Collected data
────────────────────

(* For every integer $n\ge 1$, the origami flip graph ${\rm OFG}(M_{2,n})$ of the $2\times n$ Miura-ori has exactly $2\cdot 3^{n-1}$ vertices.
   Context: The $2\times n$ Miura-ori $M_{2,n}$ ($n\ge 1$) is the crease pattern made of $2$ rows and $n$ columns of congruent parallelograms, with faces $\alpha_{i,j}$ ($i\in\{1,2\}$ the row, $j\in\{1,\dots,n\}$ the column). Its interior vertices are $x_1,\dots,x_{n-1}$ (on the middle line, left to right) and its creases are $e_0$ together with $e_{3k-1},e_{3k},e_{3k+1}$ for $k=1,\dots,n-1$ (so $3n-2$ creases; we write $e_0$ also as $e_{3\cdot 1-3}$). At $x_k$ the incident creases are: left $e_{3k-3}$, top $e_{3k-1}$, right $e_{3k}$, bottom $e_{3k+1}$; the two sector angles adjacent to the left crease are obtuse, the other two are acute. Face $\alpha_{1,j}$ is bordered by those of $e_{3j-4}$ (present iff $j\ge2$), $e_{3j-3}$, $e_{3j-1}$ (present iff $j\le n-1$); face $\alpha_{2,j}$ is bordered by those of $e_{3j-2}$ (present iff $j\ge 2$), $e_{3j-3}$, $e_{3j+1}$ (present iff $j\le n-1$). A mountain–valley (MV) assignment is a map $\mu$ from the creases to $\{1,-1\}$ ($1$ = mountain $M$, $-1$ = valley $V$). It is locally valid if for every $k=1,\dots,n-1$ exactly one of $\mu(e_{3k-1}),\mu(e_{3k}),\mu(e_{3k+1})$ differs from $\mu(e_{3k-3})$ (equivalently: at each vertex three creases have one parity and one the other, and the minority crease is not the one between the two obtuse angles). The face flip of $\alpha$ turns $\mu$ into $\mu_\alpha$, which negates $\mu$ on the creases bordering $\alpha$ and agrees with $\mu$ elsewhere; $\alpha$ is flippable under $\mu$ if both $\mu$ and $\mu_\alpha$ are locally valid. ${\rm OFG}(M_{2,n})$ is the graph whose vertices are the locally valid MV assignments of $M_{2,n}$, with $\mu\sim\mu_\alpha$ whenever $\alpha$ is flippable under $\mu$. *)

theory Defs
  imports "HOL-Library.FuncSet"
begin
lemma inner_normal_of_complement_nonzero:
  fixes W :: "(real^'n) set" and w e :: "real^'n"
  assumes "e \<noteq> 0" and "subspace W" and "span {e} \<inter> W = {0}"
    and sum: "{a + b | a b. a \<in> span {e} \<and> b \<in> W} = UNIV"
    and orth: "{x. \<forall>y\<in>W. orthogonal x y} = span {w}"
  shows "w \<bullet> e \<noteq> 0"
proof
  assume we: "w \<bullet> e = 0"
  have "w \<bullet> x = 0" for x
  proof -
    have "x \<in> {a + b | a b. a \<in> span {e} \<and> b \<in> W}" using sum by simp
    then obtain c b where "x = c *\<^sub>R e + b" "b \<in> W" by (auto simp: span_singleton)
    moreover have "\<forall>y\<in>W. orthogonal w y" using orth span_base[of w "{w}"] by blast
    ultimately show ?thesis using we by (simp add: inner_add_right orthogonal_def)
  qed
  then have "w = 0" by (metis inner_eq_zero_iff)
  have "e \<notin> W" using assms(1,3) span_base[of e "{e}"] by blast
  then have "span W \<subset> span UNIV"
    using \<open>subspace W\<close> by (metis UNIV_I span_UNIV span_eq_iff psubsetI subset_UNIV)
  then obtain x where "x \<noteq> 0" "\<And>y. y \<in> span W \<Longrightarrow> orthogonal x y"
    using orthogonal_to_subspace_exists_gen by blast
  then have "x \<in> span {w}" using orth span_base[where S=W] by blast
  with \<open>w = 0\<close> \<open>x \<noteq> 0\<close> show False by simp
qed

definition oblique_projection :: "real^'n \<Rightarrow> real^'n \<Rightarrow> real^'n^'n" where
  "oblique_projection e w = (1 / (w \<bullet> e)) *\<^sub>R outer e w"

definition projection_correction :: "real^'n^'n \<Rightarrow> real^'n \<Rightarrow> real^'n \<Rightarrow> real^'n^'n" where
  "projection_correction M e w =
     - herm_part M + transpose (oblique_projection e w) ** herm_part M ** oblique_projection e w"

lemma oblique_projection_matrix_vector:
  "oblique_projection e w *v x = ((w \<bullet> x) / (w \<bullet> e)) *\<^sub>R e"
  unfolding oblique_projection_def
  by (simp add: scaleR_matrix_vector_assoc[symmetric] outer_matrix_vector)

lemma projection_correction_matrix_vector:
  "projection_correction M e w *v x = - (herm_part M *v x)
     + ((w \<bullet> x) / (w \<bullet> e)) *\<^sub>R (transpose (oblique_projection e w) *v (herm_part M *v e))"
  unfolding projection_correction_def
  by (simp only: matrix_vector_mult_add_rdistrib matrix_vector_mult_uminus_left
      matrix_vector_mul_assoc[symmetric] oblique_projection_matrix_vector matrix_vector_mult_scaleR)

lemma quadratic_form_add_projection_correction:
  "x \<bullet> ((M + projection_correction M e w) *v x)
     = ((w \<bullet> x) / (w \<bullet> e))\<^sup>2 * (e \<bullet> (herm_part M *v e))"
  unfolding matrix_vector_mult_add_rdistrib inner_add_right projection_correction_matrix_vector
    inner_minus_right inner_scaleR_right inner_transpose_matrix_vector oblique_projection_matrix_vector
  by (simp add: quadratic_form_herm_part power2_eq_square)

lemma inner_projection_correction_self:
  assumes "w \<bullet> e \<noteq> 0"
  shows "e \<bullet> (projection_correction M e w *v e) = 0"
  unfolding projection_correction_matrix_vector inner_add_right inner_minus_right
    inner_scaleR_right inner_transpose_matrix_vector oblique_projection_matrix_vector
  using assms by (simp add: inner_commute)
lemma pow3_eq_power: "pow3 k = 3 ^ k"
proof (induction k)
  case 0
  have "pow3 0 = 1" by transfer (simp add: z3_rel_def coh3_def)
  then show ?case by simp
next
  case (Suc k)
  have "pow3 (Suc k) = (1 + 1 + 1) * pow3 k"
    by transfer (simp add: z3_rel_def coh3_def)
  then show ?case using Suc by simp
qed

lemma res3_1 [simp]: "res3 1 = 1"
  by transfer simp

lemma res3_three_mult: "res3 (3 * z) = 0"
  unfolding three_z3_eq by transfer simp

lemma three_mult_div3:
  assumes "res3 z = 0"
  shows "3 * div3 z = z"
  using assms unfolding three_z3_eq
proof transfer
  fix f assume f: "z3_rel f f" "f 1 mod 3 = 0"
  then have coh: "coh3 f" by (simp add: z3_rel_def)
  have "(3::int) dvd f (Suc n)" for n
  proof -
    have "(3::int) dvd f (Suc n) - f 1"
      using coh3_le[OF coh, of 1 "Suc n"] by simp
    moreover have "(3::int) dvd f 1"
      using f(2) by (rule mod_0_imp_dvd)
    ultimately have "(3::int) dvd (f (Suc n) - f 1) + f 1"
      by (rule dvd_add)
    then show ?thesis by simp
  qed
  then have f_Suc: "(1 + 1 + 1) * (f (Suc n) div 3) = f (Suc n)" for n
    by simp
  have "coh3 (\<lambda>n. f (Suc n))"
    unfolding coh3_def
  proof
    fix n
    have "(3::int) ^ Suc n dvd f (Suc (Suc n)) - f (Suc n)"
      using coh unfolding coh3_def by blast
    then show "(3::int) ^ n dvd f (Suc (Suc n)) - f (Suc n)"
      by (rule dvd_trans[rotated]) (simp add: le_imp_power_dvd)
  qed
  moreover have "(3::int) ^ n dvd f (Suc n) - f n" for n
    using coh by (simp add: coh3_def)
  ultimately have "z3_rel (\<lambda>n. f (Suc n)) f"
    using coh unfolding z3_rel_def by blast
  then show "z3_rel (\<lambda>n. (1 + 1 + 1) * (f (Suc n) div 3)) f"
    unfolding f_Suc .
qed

────────────────────

What you will do ▸ The required output is the line holding "Suc n dvd f" plus every line after it in the data, reproduced exactly.

Result below ▸
    have "(3::int) ^ Suc n dvd f (Suc (Suc n)) - f (Suc n)"
      using coh unfolding coh3_def by blast
    then show "(3::int) ^ n dvd f (Suc (Suc n)) - f (Suc n)"
      by (rule dvd_trans[rotated]) (simp add: le_imp_power_dvd)
  qed
  moreover have "(3::int) ^ n dvd f (Suc n) - f n" for n
    using coh by (simp add: coh3_def)
  ultimately have "z3_rel (\<lambda>n. f (Suc n)) f"
    using coh unfolding z3_rel_def by blast
  then show "z3_rel (\<lambda>n. (1 + 1 + 1) * (f (Suc n) div 3)) f"
    unfolding f_Suc .
qed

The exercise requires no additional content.